→ Data for the task:
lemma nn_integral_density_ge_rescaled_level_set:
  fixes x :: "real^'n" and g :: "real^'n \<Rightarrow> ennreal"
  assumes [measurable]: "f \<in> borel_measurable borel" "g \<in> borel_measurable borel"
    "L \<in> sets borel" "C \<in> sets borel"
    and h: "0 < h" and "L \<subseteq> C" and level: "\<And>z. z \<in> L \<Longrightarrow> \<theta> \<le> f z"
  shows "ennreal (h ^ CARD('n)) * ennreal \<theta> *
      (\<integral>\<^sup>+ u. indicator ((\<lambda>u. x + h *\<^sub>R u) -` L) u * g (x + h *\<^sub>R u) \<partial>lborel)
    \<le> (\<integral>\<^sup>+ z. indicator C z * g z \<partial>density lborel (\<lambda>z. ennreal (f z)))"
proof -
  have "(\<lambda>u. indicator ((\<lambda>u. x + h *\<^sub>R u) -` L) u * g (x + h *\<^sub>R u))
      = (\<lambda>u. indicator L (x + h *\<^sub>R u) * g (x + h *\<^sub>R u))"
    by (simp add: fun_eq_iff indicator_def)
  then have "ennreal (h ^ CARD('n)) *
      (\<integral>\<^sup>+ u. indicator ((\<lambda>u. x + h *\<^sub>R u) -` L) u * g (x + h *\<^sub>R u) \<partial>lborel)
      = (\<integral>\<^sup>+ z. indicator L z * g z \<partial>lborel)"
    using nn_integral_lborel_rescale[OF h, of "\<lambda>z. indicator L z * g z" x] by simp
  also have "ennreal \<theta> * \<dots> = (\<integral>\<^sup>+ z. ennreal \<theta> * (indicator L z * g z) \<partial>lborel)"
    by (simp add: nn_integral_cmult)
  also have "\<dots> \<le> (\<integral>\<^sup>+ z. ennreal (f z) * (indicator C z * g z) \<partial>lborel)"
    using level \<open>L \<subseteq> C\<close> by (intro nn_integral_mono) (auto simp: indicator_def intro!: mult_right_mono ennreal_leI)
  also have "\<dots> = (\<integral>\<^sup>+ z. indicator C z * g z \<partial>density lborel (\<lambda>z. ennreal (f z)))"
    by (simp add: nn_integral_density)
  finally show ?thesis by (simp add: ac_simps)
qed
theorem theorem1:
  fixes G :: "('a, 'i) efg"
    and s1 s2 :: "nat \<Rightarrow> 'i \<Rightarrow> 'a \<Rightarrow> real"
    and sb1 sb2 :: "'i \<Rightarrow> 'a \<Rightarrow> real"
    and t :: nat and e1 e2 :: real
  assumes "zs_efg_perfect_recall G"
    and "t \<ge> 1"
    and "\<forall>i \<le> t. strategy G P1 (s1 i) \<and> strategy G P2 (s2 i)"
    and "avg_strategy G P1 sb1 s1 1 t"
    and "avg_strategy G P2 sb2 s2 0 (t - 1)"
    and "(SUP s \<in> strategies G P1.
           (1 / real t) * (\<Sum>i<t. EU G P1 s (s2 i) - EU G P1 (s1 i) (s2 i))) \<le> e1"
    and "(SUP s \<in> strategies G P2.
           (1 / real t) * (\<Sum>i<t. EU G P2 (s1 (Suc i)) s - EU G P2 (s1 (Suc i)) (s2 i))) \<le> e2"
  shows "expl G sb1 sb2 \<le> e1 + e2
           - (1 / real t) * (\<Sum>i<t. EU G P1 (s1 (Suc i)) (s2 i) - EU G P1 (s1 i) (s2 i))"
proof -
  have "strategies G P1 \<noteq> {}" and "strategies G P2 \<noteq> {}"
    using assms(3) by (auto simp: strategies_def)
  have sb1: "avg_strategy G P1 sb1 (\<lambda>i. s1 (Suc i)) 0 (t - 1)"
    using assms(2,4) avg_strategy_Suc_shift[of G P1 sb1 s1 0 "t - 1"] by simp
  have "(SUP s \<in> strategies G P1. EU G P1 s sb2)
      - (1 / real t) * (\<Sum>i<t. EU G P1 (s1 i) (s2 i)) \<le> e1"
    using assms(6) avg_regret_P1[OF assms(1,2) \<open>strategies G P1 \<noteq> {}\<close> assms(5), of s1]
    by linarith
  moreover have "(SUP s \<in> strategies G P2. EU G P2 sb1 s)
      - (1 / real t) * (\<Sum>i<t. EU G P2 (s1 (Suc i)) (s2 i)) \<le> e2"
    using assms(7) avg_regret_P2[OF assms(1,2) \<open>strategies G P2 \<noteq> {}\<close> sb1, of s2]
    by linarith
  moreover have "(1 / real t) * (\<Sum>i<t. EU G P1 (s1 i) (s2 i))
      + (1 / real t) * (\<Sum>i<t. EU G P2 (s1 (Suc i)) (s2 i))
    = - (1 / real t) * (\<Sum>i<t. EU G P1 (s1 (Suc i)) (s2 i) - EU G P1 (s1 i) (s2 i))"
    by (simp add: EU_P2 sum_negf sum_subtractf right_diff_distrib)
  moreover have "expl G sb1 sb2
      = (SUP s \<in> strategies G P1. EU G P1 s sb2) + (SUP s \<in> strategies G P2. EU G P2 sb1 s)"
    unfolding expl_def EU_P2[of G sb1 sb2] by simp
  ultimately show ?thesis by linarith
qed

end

---

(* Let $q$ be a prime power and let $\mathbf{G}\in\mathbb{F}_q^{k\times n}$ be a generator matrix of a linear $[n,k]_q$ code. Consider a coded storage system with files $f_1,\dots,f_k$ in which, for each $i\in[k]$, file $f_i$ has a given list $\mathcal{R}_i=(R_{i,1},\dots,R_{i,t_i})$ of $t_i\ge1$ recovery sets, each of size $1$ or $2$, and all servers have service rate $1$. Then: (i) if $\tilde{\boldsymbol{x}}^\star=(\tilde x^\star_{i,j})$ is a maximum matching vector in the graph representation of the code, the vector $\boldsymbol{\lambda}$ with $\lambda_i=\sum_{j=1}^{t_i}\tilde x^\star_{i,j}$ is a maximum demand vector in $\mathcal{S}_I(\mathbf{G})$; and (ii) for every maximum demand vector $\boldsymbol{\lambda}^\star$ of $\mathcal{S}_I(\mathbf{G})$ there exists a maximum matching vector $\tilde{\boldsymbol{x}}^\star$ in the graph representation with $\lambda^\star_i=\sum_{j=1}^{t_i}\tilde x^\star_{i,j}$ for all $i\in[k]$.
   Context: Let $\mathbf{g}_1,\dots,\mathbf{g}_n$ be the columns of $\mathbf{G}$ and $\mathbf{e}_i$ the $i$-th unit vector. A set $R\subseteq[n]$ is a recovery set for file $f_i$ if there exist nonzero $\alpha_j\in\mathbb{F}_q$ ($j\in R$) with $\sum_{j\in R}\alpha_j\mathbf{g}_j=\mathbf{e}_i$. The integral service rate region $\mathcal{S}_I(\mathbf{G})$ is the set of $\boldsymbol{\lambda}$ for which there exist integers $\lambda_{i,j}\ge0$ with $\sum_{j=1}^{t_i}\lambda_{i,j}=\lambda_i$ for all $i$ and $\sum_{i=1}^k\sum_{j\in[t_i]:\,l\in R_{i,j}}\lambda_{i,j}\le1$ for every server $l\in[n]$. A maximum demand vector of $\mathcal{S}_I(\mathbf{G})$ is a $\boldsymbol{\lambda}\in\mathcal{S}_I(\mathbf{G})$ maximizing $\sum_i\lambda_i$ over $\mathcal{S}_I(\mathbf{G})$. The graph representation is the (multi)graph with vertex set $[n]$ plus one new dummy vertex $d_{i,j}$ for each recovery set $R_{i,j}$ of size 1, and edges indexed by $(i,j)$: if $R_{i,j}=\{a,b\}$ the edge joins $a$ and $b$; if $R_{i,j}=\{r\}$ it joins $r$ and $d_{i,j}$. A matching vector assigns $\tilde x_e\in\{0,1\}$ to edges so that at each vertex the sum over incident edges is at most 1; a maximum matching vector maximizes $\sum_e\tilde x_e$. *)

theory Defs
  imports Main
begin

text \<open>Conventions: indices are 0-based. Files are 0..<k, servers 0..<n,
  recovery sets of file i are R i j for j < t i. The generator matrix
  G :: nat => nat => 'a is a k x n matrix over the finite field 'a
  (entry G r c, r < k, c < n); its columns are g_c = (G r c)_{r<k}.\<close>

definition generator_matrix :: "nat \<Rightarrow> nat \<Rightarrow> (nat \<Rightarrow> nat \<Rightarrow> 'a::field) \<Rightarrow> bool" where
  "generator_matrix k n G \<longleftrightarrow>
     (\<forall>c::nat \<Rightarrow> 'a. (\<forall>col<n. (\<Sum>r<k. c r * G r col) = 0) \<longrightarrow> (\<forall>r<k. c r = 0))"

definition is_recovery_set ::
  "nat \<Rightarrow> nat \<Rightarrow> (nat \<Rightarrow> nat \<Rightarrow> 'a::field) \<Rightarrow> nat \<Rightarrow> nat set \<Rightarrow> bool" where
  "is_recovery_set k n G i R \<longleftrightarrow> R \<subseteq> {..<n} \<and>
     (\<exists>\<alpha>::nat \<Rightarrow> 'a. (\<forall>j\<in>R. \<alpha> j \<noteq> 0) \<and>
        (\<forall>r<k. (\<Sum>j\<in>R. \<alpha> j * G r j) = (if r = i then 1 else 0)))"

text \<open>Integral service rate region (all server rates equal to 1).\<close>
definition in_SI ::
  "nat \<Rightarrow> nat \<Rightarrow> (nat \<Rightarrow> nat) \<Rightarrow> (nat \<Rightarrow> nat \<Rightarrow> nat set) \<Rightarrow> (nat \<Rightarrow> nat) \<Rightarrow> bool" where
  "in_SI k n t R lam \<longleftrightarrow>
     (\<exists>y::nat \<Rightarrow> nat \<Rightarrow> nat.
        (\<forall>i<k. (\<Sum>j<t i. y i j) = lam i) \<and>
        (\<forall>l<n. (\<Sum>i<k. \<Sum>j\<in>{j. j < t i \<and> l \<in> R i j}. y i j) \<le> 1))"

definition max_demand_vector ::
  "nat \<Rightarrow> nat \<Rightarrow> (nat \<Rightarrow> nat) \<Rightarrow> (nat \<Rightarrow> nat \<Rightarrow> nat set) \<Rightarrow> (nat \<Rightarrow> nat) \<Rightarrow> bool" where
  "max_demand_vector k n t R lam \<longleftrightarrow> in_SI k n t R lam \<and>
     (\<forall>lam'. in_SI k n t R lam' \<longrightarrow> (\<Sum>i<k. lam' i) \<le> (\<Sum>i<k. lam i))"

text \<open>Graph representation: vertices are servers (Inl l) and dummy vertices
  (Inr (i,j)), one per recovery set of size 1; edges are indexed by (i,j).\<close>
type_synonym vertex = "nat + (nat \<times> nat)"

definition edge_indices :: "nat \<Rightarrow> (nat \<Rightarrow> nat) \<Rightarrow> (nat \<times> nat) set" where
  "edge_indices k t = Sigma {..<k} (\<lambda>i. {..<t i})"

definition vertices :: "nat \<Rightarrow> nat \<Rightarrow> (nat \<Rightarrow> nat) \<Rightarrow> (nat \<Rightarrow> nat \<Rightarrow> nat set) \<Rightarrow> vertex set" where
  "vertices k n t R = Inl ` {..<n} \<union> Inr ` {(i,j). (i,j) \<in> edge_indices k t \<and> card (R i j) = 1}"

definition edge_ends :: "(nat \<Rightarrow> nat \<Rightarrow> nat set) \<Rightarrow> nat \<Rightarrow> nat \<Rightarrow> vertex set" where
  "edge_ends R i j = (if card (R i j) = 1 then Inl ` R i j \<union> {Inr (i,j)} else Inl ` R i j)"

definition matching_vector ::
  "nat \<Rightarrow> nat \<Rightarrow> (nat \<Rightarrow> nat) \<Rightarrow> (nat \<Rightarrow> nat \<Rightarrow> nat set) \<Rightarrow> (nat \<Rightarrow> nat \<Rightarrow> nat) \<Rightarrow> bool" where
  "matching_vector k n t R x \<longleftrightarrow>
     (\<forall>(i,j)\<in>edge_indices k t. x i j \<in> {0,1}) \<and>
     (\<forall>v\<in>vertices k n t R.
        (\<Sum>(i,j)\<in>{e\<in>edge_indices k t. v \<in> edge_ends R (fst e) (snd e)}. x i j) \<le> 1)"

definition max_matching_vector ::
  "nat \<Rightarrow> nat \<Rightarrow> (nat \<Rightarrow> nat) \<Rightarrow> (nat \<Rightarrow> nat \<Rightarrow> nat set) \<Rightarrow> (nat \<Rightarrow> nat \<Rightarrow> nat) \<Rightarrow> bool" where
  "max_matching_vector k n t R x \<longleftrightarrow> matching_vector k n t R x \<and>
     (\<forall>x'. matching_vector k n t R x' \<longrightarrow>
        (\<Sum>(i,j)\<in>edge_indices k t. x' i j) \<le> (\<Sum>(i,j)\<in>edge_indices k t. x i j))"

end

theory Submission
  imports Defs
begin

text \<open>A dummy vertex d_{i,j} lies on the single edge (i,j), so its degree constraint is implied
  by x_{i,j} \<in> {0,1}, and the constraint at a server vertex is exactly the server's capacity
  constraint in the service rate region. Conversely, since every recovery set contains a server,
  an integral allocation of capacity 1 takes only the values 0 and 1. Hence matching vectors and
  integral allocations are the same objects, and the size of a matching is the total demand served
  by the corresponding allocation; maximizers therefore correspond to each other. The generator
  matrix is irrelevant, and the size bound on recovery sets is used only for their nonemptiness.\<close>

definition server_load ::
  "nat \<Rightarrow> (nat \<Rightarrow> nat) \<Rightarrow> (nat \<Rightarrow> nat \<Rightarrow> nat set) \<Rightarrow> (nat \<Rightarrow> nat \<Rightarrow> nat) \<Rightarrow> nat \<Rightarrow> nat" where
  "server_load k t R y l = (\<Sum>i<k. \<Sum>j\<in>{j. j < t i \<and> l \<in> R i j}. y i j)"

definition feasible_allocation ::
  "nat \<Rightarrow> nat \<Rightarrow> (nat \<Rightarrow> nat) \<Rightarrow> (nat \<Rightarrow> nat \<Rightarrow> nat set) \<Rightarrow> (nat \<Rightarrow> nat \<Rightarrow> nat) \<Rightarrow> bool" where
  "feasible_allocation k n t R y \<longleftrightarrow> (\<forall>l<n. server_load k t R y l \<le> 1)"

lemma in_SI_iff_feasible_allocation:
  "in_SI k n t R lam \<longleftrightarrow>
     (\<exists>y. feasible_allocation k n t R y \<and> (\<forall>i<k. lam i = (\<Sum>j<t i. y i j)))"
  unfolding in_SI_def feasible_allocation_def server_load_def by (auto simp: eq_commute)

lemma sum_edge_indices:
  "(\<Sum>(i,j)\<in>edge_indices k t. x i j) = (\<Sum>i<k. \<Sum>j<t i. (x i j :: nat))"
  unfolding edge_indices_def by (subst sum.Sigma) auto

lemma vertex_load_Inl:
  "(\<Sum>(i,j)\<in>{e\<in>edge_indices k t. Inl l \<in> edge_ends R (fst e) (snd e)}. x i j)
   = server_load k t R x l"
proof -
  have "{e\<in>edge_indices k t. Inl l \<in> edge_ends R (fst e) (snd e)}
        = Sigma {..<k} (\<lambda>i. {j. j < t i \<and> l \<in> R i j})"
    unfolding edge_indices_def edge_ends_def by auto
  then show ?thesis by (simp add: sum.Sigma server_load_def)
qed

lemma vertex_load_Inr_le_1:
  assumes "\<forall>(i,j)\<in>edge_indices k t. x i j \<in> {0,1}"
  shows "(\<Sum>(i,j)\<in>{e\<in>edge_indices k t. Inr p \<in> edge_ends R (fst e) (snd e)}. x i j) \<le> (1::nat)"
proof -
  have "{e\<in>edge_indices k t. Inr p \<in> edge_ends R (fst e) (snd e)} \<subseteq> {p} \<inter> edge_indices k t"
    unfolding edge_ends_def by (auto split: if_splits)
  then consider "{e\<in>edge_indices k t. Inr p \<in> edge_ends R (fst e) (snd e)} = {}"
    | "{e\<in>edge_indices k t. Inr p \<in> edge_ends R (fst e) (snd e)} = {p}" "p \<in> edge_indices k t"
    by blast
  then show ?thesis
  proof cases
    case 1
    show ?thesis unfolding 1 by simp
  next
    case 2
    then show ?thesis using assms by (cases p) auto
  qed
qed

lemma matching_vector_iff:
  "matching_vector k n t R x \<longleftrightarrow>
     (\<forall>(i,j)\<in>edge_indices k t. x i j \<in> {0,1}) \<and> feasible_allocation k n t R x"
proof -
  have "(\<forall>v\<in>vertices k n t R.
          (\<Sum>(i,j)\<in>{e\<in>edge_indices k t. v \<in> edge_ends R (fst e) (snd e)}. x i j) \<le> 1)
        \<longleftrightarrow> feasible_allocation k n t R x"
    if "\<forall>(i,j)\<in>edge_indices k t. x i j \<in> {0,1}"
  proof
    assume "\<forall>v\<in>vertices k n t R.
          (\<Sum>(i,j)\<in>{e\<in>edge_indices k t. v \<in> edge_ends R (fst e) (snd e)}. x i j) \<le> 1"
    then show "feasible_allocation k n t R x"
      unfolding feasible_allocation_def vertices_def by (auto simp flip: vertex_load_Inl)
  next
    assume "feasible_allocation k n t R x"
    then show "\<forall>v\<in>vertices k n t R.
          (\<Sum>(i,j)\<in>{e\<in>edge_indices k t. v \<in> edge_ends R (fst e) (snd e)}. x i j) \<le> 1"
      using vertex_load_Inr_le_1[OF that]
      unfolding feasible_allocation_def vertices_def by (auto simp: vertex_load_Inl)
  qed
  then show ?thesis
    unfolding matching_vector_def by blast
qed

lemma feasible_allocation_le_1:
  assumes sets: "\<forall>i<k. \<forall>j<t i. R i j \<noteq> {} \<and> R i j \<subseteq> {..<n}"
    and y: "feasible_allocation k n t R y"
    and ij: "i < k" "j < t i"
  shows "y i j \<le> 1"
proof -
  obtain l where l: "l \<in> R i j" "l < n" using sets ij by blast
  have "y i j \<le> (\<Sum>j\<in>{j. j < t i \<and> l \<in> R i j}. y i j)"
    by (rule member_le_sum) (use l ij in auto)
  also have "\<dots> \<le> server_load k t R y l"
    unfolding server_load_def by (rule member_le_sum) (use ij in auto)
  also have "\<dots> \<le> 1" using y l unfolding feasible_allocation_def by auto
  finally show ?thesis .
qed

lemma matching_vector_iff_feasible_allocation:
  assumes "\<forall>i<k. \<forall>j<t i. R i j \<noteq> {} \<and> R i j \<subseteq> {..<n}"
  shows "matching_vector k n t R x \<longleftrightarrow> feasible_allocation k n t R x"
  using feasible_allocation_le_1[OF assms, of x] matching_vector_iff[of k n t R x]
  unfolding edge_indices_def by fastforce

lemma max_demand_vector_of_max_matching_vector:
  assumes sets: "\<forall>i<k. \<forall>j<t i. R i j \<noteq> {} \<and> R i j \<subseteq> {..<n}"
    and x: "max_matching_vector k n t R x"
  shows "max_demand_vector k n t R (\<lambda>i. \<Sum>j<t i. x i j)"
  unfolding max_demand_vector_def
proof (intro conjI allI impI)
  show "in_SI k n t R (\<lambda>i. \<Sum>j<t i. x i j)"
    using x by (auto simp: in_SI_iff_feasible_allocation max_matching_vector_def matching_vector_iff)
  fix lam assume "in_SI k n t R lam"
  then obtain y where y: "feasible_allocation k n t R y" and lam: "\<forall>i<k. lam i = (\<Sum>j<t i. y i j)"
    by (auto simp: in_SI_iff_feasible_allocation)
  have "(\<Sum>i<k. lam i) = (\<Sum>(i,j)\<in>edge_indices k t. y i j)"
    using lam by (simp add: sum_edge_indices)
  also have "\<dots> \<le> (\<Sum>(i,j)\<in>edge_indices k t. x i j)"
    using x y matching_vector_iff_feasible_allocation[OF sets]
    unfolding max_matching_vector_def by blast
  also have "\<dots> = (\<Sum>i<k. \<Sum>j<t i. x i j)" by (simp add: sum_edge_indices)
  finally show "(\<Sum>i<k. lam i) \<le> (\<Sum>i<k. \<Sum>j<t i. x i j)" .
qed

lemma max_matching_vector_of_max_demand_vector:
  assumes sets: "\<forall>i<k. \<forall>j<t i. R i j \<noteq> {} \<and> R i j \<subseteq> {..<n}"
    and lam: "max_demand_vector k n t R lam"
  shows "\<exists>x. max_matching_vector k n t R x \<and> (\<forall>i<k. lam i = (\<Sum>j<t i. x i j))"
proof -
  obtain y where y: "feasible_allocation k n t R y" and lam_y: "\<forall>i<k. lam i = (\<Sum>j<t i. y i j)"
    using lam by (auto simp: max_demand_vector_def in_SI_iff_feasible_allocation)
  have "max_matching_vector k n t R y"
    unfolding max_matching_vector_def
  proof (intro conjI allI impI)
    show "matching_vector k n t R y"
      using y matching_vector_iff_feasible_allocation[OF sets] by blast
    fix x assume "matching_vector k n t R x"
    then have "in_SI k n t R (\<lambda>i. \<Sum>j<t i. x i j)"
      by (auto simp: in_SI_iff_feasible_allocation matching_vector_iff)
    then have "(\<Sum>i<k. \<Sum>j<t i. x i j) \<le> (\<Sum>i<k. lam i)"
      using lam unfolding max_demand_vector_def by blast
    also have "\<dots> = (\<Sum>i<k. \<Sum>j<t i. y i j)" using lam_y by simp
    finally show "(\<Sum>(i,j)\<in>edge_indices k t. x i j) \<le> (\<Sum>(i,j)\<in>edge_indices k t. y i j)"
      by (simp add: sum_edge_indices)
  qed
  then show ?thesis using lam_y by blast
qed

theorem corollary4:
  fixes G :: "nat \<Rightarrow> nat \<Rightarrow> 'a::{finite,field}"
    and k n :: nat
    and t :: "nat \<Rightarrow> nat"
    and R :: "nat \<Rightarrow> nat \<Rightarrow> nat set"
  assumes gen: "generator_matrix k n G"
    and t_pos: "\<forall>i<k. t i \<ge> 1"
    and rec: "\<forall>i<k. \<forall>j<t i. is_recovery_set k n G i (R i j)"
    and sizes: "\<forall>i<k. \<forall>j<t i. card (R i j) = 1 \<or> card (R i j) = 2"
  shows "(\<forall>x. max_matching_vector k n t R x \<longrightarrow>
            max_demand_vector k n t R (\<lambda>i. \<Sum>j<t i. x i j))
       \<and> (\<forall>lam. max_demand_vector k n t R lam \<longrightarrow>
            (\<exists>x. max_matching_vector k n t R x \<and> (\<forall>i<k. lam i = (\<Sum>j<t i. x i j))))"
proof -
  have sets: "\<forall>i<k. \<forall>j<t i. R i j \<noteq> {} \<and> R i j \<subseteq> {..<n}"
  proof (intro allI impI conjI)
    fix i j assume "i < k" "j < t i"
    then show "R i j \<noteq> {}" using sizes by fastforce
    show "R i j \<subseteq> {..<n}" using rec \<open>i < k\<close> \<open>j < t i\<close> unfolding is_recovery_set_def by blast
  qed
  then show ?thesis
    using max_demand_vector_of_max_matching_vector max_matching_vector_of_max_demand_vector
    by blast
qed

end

--

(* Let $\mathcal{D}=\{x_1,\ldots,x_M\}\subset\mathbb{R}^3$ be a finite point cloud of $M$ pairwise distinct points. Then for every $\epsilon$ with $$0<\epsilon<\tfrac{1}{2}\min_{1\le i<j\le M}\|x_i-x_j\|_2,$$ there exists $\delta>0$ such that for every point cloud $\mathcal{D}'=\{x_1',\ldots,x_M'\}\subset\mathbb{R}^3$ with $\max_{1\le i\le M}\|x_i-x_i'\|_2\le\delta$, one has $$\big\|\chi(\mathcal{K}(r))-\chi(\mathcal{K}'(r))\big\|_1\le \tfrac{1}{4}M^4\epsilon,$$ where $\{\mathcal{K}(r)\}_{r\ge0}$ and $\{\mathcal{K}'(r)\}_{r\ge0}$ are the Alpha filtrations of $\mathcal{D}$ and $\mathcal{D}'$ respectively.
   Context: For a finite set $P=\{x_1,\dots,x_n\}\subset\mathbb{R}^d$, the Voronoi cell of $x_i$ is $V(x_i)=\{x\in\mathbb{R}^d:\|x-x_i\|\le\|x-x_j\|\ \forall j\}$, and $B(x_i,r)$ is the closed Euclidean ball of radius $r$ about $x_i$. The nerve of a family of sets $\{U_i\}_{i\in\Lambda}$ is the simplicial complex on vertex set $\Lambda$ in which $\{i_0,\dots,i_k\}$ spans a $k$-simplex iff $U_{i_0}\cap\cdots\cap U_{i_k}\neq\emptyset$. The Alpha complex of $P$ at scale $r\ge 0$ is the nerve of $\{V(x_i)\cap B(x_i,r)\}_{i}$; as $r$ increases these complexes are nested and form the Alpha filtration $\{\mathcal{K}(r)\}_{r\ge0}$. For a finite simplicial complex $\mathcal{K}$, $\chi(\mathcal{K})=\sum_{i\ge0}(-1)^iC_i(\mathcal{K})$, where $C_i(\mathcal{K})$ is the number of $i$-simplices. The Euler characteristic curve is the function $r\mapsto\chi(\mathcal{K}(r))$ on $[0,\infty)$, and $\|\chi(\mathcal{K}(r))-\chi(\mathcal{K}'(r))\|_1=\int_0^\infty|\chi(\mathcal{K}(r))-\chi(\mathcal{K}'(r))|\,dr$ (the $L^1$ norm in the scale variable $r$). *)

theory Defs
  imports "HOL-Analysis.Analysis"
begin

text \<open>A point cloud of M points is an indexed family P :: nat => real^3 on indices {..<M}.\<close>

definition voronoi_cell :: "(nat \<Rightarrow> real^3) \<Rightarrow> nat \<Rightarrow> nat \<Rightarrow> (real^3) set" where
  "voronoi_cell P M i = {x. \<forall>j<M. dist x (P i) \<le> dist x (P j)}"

→ Problem requirements: The lines you need are those containing "assms"; find them in the records and copy them.

→ Exercise result:
    using assms(3) by (auto simp: strategies_def)
    using assms(2,4) avg_strategy_Suc_shift[of G P1 sb1 s1 0 "t - 1"] by simp
    using assms(6) avg_regret_P1[OF assms(1,2) \<open>strategies G P1 \<noteq> {}\<close> assms(5), of s1]
    using assms(7) avg_regret_P2[OF assms(1,2) \<open>strategies G P2 \<noteq> {}\<close> sb1, of s2]
    then show ?thesis using assms by (cases p) auto
  using feasible_allocation_le_1[OF assms, of x] matching_vector_iff[of k n t R x]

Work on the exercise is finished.